Yesterday I planted a big sagebrush shrub (Artemisia tridentata) from a local nursery next to my glass prayer flag sculpture. Despite its common name, the shrub isn’t big, and they* looked a bit lonely, so this morning on my dawn walk, I collected some seed from the abundant native wildflower Palmer penstemon (Penstemon palmeri), also called wild snapdragon, and sprinkled the seeds around the big sagebrush.
*I’ve started using “they/them” pronouns for other species, instead of the objective “it.” Objectifying other beings denies their lives and personhood, and “she/he” doesn’t always fit, especially with plants, so I’m taking a leaf (pun intended!) from gender activists and using “they/them.” The big sagebrush shrub I planted is not a static “thing”–they are alive, breathing out the oxygen I breathe in, communicating, growing, adapting to their environment. By using “they/them,” I am honoring their presence and their life.
Tomorrow, I’ll go back to the nursery and buy another big sagebrush shrub to plant with the first. Eventually, I will surround them with the native wildflowers and grasses they have been in relationship with for thousands of years, their home community.
Big sagebrush is my totem plant, my closest “family” in the world of green and photosynthesizing beings. I first recognized these shrubs with the gray-green, three-tipped leaves (hence “tridentata” in the language of science) as kin when I was a child, on a June day as my family drove across southern Wyoming, headed for Yellowstone National Park.
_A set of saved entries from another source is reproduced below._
text \<open>Density character of W: the cardinal (card_of well-order) of a dense subset of W
  of minimal cardinality. Cardinals are compared up to ordIso.\<close>
definition dens :: "'a::metric_space set \<Rightarrow> 'a rel" where
  "dens W = (SOME r. \<exists>D. dense_subset D W \<and> r = card_of D \<and>
                         (\<forall>E. dense_subset E W \<longrightarrow> (card_of D, card_of E) \<in> ordLeq))"

end

(*
  Take a dense set D \<subseteq> Y of cardinality dens Y. Openness of f allows lifting points of D
  with control: near any t \<in> X and for each d \<in> D and radius 1/(j+1) choose t' close to t
  with f t' = d such that f maps a small ball around t' onto the ball of radius 1/(j+1)
  around d. Iterating this with radii 2^-n produces sets S_n of size at most |D|, and every
  y \<in> Y is the image of the limit of a sequence x_n \<in> S_n with dist x_n x_(n+1) < 2^-n,
  which converges because X is complete. So f maps Z = closure (\<Union>n. S_n) onto Y, whence
  dens Z \<le> |\<Union>n. S_n| \<le> dens Y; conversely dens Y \<le> dens Z because continuous
  images do not increase the density character. (If D is finite then Y = D is finite and
  finitely many preimages suffice.)
*)
theory Submission imports Defs begin

unbundle cardinal_syntax

lemma dens_attained:
  fixes W :: "'a::metric_space set"
  shows "\<exists>D. dense_subset D W \<and> dens W = card_of D \<and>
           (\<forall>E. dense_subset E W \<longrightarrow> card_of D \<le>o card_of E)"
proof -
  have "\<exists>r \<in> {card_of D | D. dense_subset D W}. \<forall>r' \<in> {card_of D | D. dense_subset D W}. r \<le>o r'"
    by (rule exists_minim_Well_order)
      (auto simp: dense_subset_def card_of_Well_order, meson closure_subset order_refl)
  then have "\<exists>r. \<exists>D. dense_subset D W \<and> r = card_of D \<and>
               (\<forall>E. dense_subset E W \<longrightarrow> card_of D \<le>o card_of E)"
    by blast
  from someI_ex[OF this] show ?thesis
    unfolding dens_def by blast
qed

lemma dens_ordLeq_card_of:
  assumes "dense_subset D W"
  shows "dens W \<le>o card_of D"
proof -
  obtain D' where "dens W = card_of D'" "\<And>E. dense_subset E W \<Longrightarrow> card_of D' \<le>o card_of E"
    using dens_attained[of W] by blast
  with assms show ?thesis
    by simp
qed

lemma dense_subset_closure: "dense_subset S (closure S)"
  by (simp add: dense_subset_def closure_subset)

lemma dens_image_ordLeq:
  assumes "continuous_on (closure Z) f"
  shows "dens (f ` Z) \<le>o dens Z"
proof -
  obtain E where E: "dense_subset E Z" "dens Z = card_of E"
    using dens_attained[of Z] by blast
  then have "E \<subseteq> Z" "Z \<subseteq> closure E"
    by (auto simp: dense_subset_def)
  then have "continuous_on (closure E) f"
    by (intro continuous_on_subset[OF assms] closure_mono)
  then have "f ` closure E \<subseteq> closure (f ` E)"
    by (rule image_closure_subset[OF _ closed_closure closure_subset])
  with \<open>E \<subseteq> Z\<close> \<open>Z \<subseteq> closure E\<close> have "dense_subset (f ` E) (f ` Z)"
    by (auto simp: dense_subset_def)
  then have "dens (f ` Z) \<le>o card_of (f ` E)"
    by (rule dens_ordLeq_card_of)
  also have "card_of (f ` E) \<le>o card_of E"
    by (rule card_of_image)
  finally show ?thesis
    using E(2) by simp
qed

lemma Cauchy_if_summable_dist_Suc:
  fixes x :: "nat \<Rightarrow> 'a::metric_space"
  assumes "summable d" "\<And>n. dist (x n) (x (Suc n)) \<le> d n"
  shows "Cauchy x"
proof (rule metric_CauchyI)
  have chain: "dist (x m) (x n) \<le> sum d {m..<n}" if "m \<le> n" for m n
    using that
  proof (induction n rule: dec_induct)
    case (step n)
    have "dist (x m) (x (Suc n)) \<le> dist (x m) (x n) + dist (x n) (x (Suc n))"
      by (rule dist_triangle)
    also have "\<dots> \<le> sum d {m..<n} + d n"
      using step.IH assms(2) by (rule add_mono)
    finally show ?case
      using step.hyps by simp
  qed simp
  fix e :: real
  assume "e > 0"
  with assms(1) obtain N where N: "\<And>m n. m \<ge> N \<Longrightarrow> norm (sum d {m..<n}) < e"
    unfolding summable_Cauchy by blast
  have less: "dist (x m) (x n) < e" if "N \<le> m" "m \<le> n" for m n
    using chain[OF that(2)] N[OF that(1), of n] by simp
  show "\<exists>M. \<forall>m\<ge>M. \<forall>n\<ge>M. dist (x m) (x n) < e"
  proof (intro exI allI impI)
    fix m n assume "N \<le> m" "N \<le> n"
    then show "dist (x m) (x n) < e"
      using less[of m n] less[of n m] by (cases "m \<le> n") (simp_all add: dist_commute)
  qed
qed

definition lift_point ::
    "('a::metric_space \<Rightarrow> 'b::metric_space) \<Rightarrow> 'a set \<Rightarrow> real \<Rightarrow> 'b \<Rightarrow> nat \<Rightarrow> 'a" where
  "lift_point f A r d j = (SOME t. t \<in> A \<and> f t = d \<and> ball d (1 / Suc j) \<subseteq> f ` ball t r)"

lemma open_map_lift_near_point:
  fixes f :: "'a::metric_space \<Rightarrow> 'b::metric_space"
  assumes opn: "\<forall>U. open U \<longrightarrow> open (f ` U)"
    and dense: "UNIV \<subseteq> closure D"
    and "x \<in> A" "open A" "r > 0"
  shows "\<exists>d\<in>D. \<exists>j. dist d (f x) < r \<and> f x \<in> ball d (1 / Suc j) \<and>
           (\<exists>t\<in>A. f t = d \<and> ball d (1 / Suc j) \<subseteq> f ` ball t r)"
proof -
  obtain e where e: "e > 0" "ball x e \<subseteq> A"
    using assms open_contains_ball by blast
  define \<delta> where "\<delta> = min e (r / 2)"
  have "\<delta> > 0" "ball x \<delta> \<subseteq> A"
    using e \<open>r > 0\<close> by (auto simp: \<delta>_def)
  have "open (f ` ball x \<delta>)" "f x \<in> f ` ball x \<delta>"
    using opn \<open>\<delta> > 0\<close> by auto
  then obtain \<eta> where \<eta>: "\<eta> > 0" "ball (f x) \<eta> \<subseteq> f ` ball x \<delta>"
    using open_contains_ball by blast
  obtain j :: nat where j: "1 / Suc j < min (\<eta> / 2) r"
    using reals_Archimedean[of "min (\<eta> / 2) r"] \<eta>(1) \<open>r > 0\<close> by (auto simp: inverse_eq_divide)
  obtain d where d: "d \<in> D" "dist d (f x) < 1 / Suc j"
    using dense closure_approachable[of "f x" D] by (metis UNIV_I divide_pos_pos of_nat_0_less_iff
        subsetD zero_less_Suc zero_less_one)
  have ball_d: "ball d (1 / Suc j) \<subseteq> ball (f x) \<eta>"
  proof
    fix z
    assume "z \<in> ball d (1 / Suc j)"
    then have "dist (f x) z < 2 / Suc j"
      using d(2) dist_triangle[of "f x" z d] by (simp add: dist_commute)
    then show "z \<in> ball (f x) \<eta>"
      using j by simp
  qed
  moreover have "d \<in> ball d (1 / Suc j)"
    by simp
  ultimately have "d \<in> f ` ball x \<delta>"
    using \<eta>(2) by blast
  then obtain t where t: "t \<in> ball x \<delta>" "f t = d"
    by blast
  have "ball x \<delta> \<subseteq> ball t r"
  proof
    fix z
    assume "z \<in> ball x \<delta>"
    then have "dist t z < 2 * \<delta>"
      using t(1) dist_triangle[of t z x] by (simp add: dist_commute)
    then show "z \<in> ball t r"
      by (simp add: \<delta>_def)
  qed
  then have "ball d (1 / Suc j) \<subseteq> f ` ball t r"
    using ball_d \<eta>(2) by blast
  moreover have "dist d (f x) < r" "f x \<in> ball d (1 / Suc j)"
    using d(2) j by (auto simp: dist_commute)
  ultimately show ?thesis
    using d(1) t \<open>ball x \<delta> \<subseteq> A\<close> by blast
qed

lemma lift_point_spec:
  assumes "\<exists>t\<in>A. f t = d \<and> ball d (1 / Suc j) \<subseteq> f ` ball t r"
  shows "lift_point f A r d j \<in> A \<and> f (lift_point f A r d j) = d \<and>
         ball d (1 / Suc j) \<subseteq> f ` ball (lift_point f A r d j) r"
  unfolding lift_point_def by (rule someI_ex) (use assms in blast)

lemma open_map_lift_point:
  fixes f :: "'a::metric_space \<Rightarrow> 'b::metric_space"
  assumes "\<forall>U. open U \<longrightarrow> open (f ` U)" "UNIV \<subseteq> closure D" "x \<in> A" "open A" "r > 0"
  shows "\<exists>d\<in>D. \<exists>j. dist d (f x) < r \<and> lift_point f A r d j \<in> A \<and>
           f (lift_point f A r d j) = d \<and> f x \<in> f ` ball (lift_point f A r d j) r"
proof -
  obtain d j where "d \<in> D" "dist d (f x) < r" "f x \<in> ball d (1 / Suc j)"
    and "\<exists>t\<in>A. f t = d \<and> ball d (1 / Suc j) \<subseteq> f ` ball t r"
    using open_map_lift_near_point[OF assms] by blast
  with lift_point_spec[OF this(4)] show ?thesis
    by blast
qed

primrec lifted_points :: "('a::metric_space \<Rightarrow> 'b::metric_space) \<Rightarrow> 'b set \<Rightarrow> nat \<Rightarrow> 'a set" where
  "lifted_points f D 0 = (\<Union>d\<in>D. range (lift_point f UNIV 1 d))"
| "lifted_points f D (Suc n) =
     (\<Union>s\<in>lifted_points f D n. \<Union>d\<in>D. range (lift_point f (ball s ((1/2)^n)) ((1/2)^Suc n) d))"

lemma card_of_lifted_points_ordLeq:
  fixes f :: "'a::metric_space \<Rightarrow> 'b::metric_space" and D :: "'b set"
  assumes "infinite D"
  shows "card_of (lifted_points f D n) \<le>o card_of D"
proof -
  have "card_of (UNIV :: nat set) \<le>o card_of D"
    using assms infinite_iff_card_of_nat by blast
  then have "card_of (range g) \<le>o card_of D" for g :: "nat \<Rightarrow> 'a"
    using card_of_image ordLeq_transitive by blast
  then have "card_of (\<Union>d\<in>D. range (g d)) \<le>o card_of D" for g :: "'b \<Rightarrow> nat \<Rightarrow> 'a"
    by (intro card_of_UNION_ordLeq_infinite[OF assms] ordIso_imp_ordLeq[OF card_of_refl]) blast
  then show ?thesis
    by (induction n) (auto intro: card_of_UNION_ordLeq_infinite[OF assms])
qed

lemma lifted_points_sequence:
  fixes f :: "'a::metric_space \<Rightarrow> 'b::metric_space"
  assumes opn: "\<forall>U. open U \<longrightarrow> open (f ` U)" and dense: "UNIV \<subseteq> closure D"
    and "f x0 = y"
  obtains x where "\<And>n. x n \<in> lifted_points f D n"
    "\<And>n. dist (x n) (x (Suc n)) < (1/2)^n" "\<And>n. dist (f (x (Suc n))) y < (1/2)^Suc n"
proof -
  define P where "P n t \<longleftrightarrow> t \<in> lifted_points f D n \<and> y \<in> f ` ball t ((1/2)^n)" for n t
  have "\<exists>t. P 0 t"
    using open_map_lift_point[OF opn dense, of x0 UNIV 1] assms(3) by (auto simp: P_def)
  moreover have "\<exists>t'. P (Suc n) t' \<and> dist t t' < (1/2)^n \<and> dist (f t') y < (1/2)^Suc n"
    if "P n t" for n t
  proof -
    from that obtain x' where "x' \<in> ball t ((1/2)^n)" "f x' = y" "t \<in> lifted_points f D n"
      by (auto simp: P_def)
    then obtain d j where "d \<in> D" "dist d y < (1/2)^Suc n"
      and t': "lift_point f (ball t ((1/2)^n)) ((1/2)^Suc n) d j \<in> ball t ((1/2)^n)"
        "f (lift_point f (ball t ((1/2)^n)) ((1/2)^Suc n) d j) = d"
        "y \<in> f ` ball (lift_point f (ball t ((1/2)^n)) ((1/2)^Suc n) d j) ((1/2)^Suc n)"
      using open_map_lift_point[OF opn dense, of x' "ball t ((1/2)^n)" "(1/2)^Suc n"] by auto
    moreover have "lift_point f (ball t ((1/2)^n)) ((1/2)^Suc n) d j \<in> lifted_points f D (Suc n)"
      using \<open>t \<in> lifted_points f D n\<close> \<open>d \<in> D\<close> by auto
    ultimately show ?thesis
      unfolding P_def by (intro exI[of _ "lift_point f (ball t ((1/2)^n)) ((1/2)^Suc n) d j"]) simp
  qed
  ultimately obtain x where
    "\<And>n. P n (x n) \<and> dist (x n) (x (Suc n)) < (1/2)^n \<and> dist (f (x (Suc n))) y < (1/2)^Suc n"
    using dependent_nat_choice[of P "\<lambda>n t t'. dist t t' < (1/2)^n \<and> dist (f t') y < (1/2)^Suc n"]
    by blast
  then show ?thesis
    using that unfolding P_def by blast
qed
It had rained the night before, and the glass vanes of the jalousie windows in our homemade camper-van were wide open, allowing the morning air to pour in, cool and redolent with a distinctive combination of camphor and sweet orange–the airborne fragrance of big sagebrush. I looked up from the mystery novel I was reading, took a deep breath of the sagebrush-scented air, and said to myself, “Home.” Then I went back to reading.
That fragrance has said “home” to me ever since. For the past decade since my husband, Richard Cabe, died of brain cancer, I have wandered the skirt of the Rocky Mountains where big sagebrush grows, searching for who I am in this phase of my life and where I belong. In every place I have landed, I have sought out big sagebrush nearby to visit.
In some of those places–in particular, Cody in northwest Wyoming, where I have lived twice in the past decade and re-storyed two different houses–a sea of big sagebrush surrounds the town, its fragrance part of the air after spring and summer rains. In others, big sagebrush had been mostly plowed up for orchards and farms, or was only an occasional presence.

Sometimes I planted a few shrubs near my house to bring the plant home; sometimes I simply visited big sagebrush nearby. But always, I settled only where big sagebrush was a part of the landscape.
Now I live in a piñon pine-juniper woodland outside Santa Fe, New Mexico. Big sagebrush was once scattered along the edges of the arroyo near my condo, mixed with rubber rabbitbrush–chamisa in local parlance–and spiny-stemmed saltbush. But 20 years of drought killed the big sagebrush around this arroyo.
So when the maintenance guys for my condo took out a dying pine tree planted in a too-small space between my garage and a retaining wall for the slope above, I saw my opportunity to return big sagebrush. And in the doing, to root myself here in this chosen home. So I asked the guys if I could plant some sagebrush where the tree had been removed, got their blessing, and headed to the nursery.

As I patted the red soil around the roots of the big sagebrush shrub yesterday, and shaped a circular dam to capture water, I promised the plant that I would be here to watch it grow tall and strong, the trunk thickening and twisting, the spring leaves sprouting green and fragrant, the evergreen winter leaves turning slowly each day to capture winter sunlight to make food.
“This is our home,” I said. “We will flourish here.”
And we will. I write this from my sunny living room as the day draws toward sunset on Easter, the holiday that has its roots in Eostre, the ancient goddess of spring and renewal. I am grateful to be in this beautiful place, to have sunk roots here both literally and metaphorically, and to draw on the community of this blessed land and of my human friends.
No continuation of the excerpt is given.